Your goal
Sort through the entries below and pull out lines containing the word "False".

Data supplied
—————

(* Let $q$ be a power of a prime $p$, $M,N$ positive integers coprime to $p$, $\lambda_1,\lambda_2\in\mathbb{F}_q^{\ast}$, and let $\mathbb{F}_{q^m}$ be an extension field containing $\gamma,\beta$ with $\gamma^M=\lambda_1$, $\beta^N=\lambda_2$, a primitive $M$-th root of unity $\zeta_1$ and a primitive $N$-th root of unity $\zeta_2$. Let $\Omega=\{(i,j):0\le i\le M-1,\ 0\le j\le N-1\}$. Let $\mathcal{C}$ be a 2-D $(\lambda_1,\lambda_2)$-constacyclic code of area $M\times N$ over $\mathbb{F}_q$ with minimum distance $d$ and common zero set $V_c$. Let $\widetilde{\mathbb{E}}=\{(\theta,\phi)\in\Omega:(\gamma\zeta_1^{\theta},\beta\zeta_2^{\phi})\in V_c\}$ and write $\Omega\setminus\widetilde{\mathbb{E}}=\{(\theta_1,\phi_1),\dots,(\theta_{s'},\phi_{s'})\}$, $s'=MN-|V_c|$. Let $c\in\mathcal{C}$, and let $e$ be an $M\times N$ array over $\mathbb{F}_q$ whose set of nonzero positions $\mathbb{E}$ satisfies $1\le t:=|\mathbb{E}|\le\lfloor(d-1)/2\rfloor$; write $\Omega\setminus\mathbb{E}=\{(i_1,j_1),\dots,(i_{t'},j_{t'})\}$. Let $r=c+e$, let $R=(R_{\theta,\phi})$ with $R_{\theta,\phi}=\sum_{i,j}r_{i,j}(\gamma\zeta_1^{\theta})^i(\beta\zeta_2^{\phi})^j$, and $R(x,y)=\sum_{(\theta,\phi)\in\Omega}R_{\theta,\phi}x^{\theta}y^{\phi}$. Then the linear system $AX=B$ in the unknowns $X=(X_1,\dots,X_{s'})^T$, where $A$ is the $t'\times s'$ matrix with entries $A_{l,k}=\zeta_1^{-i_l\theta_k}\zeta_2^{-j_l\phi_k}$ and $B=(R(\zeta_1^{-i_1},\zeta_2^{-j_1}),\dots,R(\zeta_1^{-i_{t'}},\zeta_2^{-j_{t'}}))^T$, has a unique solution (namely $X_k=C_{\theta_k,\phi_k}$, the entries of the spectrum of $c$ outside the spectral nulls).
   Context: An $M\times N$ array $c=(c_{i,j})$ over $\mathbb{F}_q$ is identified with $c(x,y)=\sum_{i,j}c_{i,j}x^iy^j$; its spectrum is $C_{\theta,\phi}=\sum_{i,j}c_{i,j}(\gamma\zeta_1^{\theta})^i(\beta\zeta_2^{\phi})^j$. A 2-D $(\lambda_1,\lambda_2)$-constacyclic code of area $M\times N$ over $\mathbb{F}_q$ is an $\mathbb{F}_q$-linear subspace of $M\times N$ arrays closed under the column $\lambda_1$-constacyclic shift (row $0$ becomes $\lambda_1$ times row $M-1$, row $i$ becomes row $i-1$) and the row $\lambda_2$-constacyclic shift (column $0$ becomes $\lambda_2$ times column $N-1$, column $j$ becomes column $j-1$); equivalently an ideal of $\mathbb{F}_q[x,y]/\langle x^M-\lambda_1,y^N-\lambda_2\rangle$. Let $V_\circ=\{(a,b): a^M=\lambda_1,\ b^N=\lambda_2\}$ and $V_1$ the set of common roots of all $c(x,y)$, $c\in\mathcal{C}$; the common zero set is $V_c=V_\circ\cap V_1$. The minimum distance is the least Hamming weight of a nonzero codeword. *)

theory Defs
  imports "Jordan_Normal_Form.Matrix"
begin

definition arrays :: "nat \<Rightarrow> nat \<Rightarrow> (nat \<Rightarrow> nat \<Rightarrow> 'a::zero) set" where
  "arrays M N = {a. \<forall>i j. (M \<le> i \<or> N \<le> j) \<longrightarrow> a i j = 0}"

definition Omega :: "nat \<Rightarrow> nat \<Rightarrow> (nat \<times> nat) set" where
  "Omega M N = {0..<M} \<times> {0..<N}"

definition col_shift :: "nat \<Rightarrow> nat \<Rightarrow> 'a::field \<Rightarrow> (nat \<Rightarrow> nat \<Rightarrow> 'a) \<Rightarrow> (nat \<Rightarrow> nat \<Rightarrow> 'a)" where
  "col_shift M N l a = (\<lambda>i j. if i < M \<and> j < N then
      (if i = 0 then l * a (M - 1) j else a (i - 1) j) else 0)"

definition row_shift :: "nat \<Rightarrow> nat \<Rightarrow> 'a::field \<Rightarrow> (nat \<Rightarrow> nat \<Rightarrow> 'a) \<Rightarrow> (nat \<Rightarrow> nat \<Rightarrow> 'a)" where
  "row_shift M N l a = (\<lambda>i j. if i < M \<and> j < N then
      (if j = 0 then l * a i (N - 1) else a i (j - 1)) else 0)"

definition constacyclic_code_2D ::
  "nat \<Rightarrow> nat \<Rightarrow> 'a::field \<Rightarrow> 'a \<Rightarrow> (nat \<Rightarrow> nat \<Rightarrow> 'a) set \<Rightarrow> bool" where
  "constacyclic_code_2D M N l1 l2 C \<longleftrightarrow>
     C \<subseteq> arrays M N \<and>
     (\<lambda>i j. 0) \<in> C \<and>
     (\<forall>a\<in>C. \<forall>b\<in>C. (\<lambda>i j. a i j + b i j) \<in> C) \<and>
     (\<forall>k. \<forall>a\<in>C. (\<lambda>i j. k * a i j) \<in> C) \<and>
     (\<forall>a\<in>C. col_shift M N l1 a \<in> C) \<and>
     (\<forall>a\<in>C. row_shift M N l2 a \<in> C)"

definition hamming_weight :: "nat \<Rightarrow> nat \<Rightarrow> (nat \<Rightarrow> nat \<Rightarrow> 'a::zero) \<Rightarrow> nat" where
  "hamming_weight M N a = card {(i, j). i < M \<and> j < N \<and> a i j \<noteq> 0}"

definition min_distance :: "nat \<Rightarrow> nat \<Rightarrow> (nat \<Rightarrow> nat \<Rightarrow> 'a::zero) set \<Rightarrow> nat" where
  "min_distance M N C =
     (LEAST w. \<exists>a\<in>C. a \<noteq> (\<lambda>i j. 0) \<and> hamming_weight M N a = w)"

definition array_eval :: "nat \<Rightarrow> nat \<Rightarrow> (nat \<Rightarrow> nat \<Rightarrow> 'a::comm_ring_1) \<Rightarrow> 'a \<Rightarrow> 'a \<Rightarrow> 'a" where
  "array_eval M N a x y = (\<Sum>i<M. \<Sum>j<N. a i j * x ^ i * y ^ j)"

definition field_embedding :: "('k::field \<Rightarrow> 'K::field) \<Rightarrow> bool" where
  "field_embedding h \<longleftrightarrow> inj h \<and> h 0 = 0 \<and> h 1 = 1 \<and>
     (\<forall>a b. h (a + b) = h a + h b) \<and> (\<forall>a b. h (a * b) = h a * h b)"

definition primitive_root_of_unity :: "nat \<Rightarrow> 'a::field \<Rightarrow> bool" where
  "primitive_root_of_unity n z \<longleftrightarrow> z ^ n = 1 \<and> (\<forall>k. 0 < k \<and> k < n \<longrightarrow> z ^ k \<noteq> 1)"

definition V_circ :: "('k::field \<Rightarrow> 'K::field) \<Rightarrow> nat \<Rightarrow> nat \<Rightarrow> 'k \<Rightarrow> 'k \<Rightarrow> ('K \<times> 'K) set" where
  "V_circ h M N l1 l2 = {(a, b). a ^ M = h l1 \<and> b ^ N = h l2}"

definition V_one :: "('k::field \<Rightarrow> 'K::field) \<Rightarrow> nat \<Rightarrow> nat \<Rightarrow> (nat \<Rightarrow> nat \<Rightarrow> 'k) set \<Rightarrow> ('K \<times> 'K) set" where
  "V_one h M N C = {(a, b). \<forall>c\<in>C. array_eval M N (\<lambda>i j. h (c i j)) a b = 0}"

definition common_zero_set ::
  "('k::field \<Rightarrow> 'K::field) \<Rightarrow> nat \<Rightarrow> nat \<Rightarrow> 'k \<Rightarrow> 'k \<Rightarrow> (nat \<Rightarrow> nat \<Rightarrow> 'k) set \<Rightarrow> ('K \<times> 'K) set" where
  "common_zero_set h M N l1 l2 C = V_circ h M N l1 l2 \<inter> V_one h M N C"

definition spectrum2 :: "('k::field \<Rightarrow> 'K::field) \<Rightarrow> nat \<Rightarrow> nat \<Rightarrow> 'K \<Rightarrow> 'K \<Rightarrow> 'K \<Rightarrow> 'K \<Rightarrow>
     (nat \<Rightarrow> nat \<Rightarrow> 'k) \<Rightarrow> nat \<Rightarrow> nat \<Rightarrow> 'K" where
  "spectrum2 h M N gamma beta z1 z2 c = (\<lambda>\<theta> \<phi>.
     array_eval M N (\<lambda>i j. h (c i j)) (gamma * z1 ^ \<theta>) (beta * z2 ^ \<phi>))"

end

theory Submission
  imports Defs
begin

text \<open>
  The inversion formula of the 2-D DFT, R(\<zeta>1^-i, \<zeta>2^-j) = MN \<gamma>^i \<beta>^j r(i,j), shows that the
  spectrum of c solves AX = B: on error-free positions r = c, and the spectrum of c vanishes at the
  common zeros.

  For uniqueness let AZ = 0. At every point of V_o outside the common zeros some codeword has a
  nonzero spectral value, so multiplying codewords by interpolating polynomials (that is, taking
  linear combinations of shifts) yields an array u in the extension of C to F_{q^m} whose spectrum
  is Z there and 0 at the common zeros. By inversion, AZ = 0 says that u vanishes at all error-free
  positions, so u is supported on t < d positions. An F_q-linear functional F_{q^m} \<rightarrow> F_q that is
  nonzero on an entry of u would turn u into a nonzero codeword of weight less than d; hence u = 0,
  and so Z = 0.
\<close>

section \<open>Roots of unity and DFT inversion\<close>

lemma primitive_root_of_unity_nonzero:
  assumes "primitive_root_of_unity n z" "0 < n"
  shows "z \<noteq> 0"
  using assms unfolding primitive_root_of_unity_def by (auto simp: zero_power)

lemma primitive_root_of_unity_power_inj:
  fixes z :: "'a::field"
  assumes z: "primitive_root_of_unity n z" and "a < n" "b < n" "z ^ a = z ^ b"
  shows "a = b"
proof -
  have no_smaller: False if "a' < b'" "b' < n" "z ^ a' = z ^ b'" for a' b'
  proof -
    have "z \<noteq> 0" using primitive_root_of_unity_nonzero[OF z] that by simp
    have "z ^ a' * z ^ (b' - a') = z ^ b'"
      using that(1) by (simp flip: power_add)
    then have "z ^ (b' - a') = 1" using that(3) \<open>z \<noteq> 0\<close> by simp
    then show False using z that unfolding primitive_root_of_unity_def by auto
  qed
  show ?thesis
    using no_smaller[of a b] no_smaller[of b a] assms(2-4) by (metis linorder_neqE_nat)
qed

—————

Solution
  have no_smaller: False if "a' < b'" "b' < n" "z ^ a' = z ^ b'" for a' b'
    then show False using z that unfolding primitive_root_of_unity_def by auto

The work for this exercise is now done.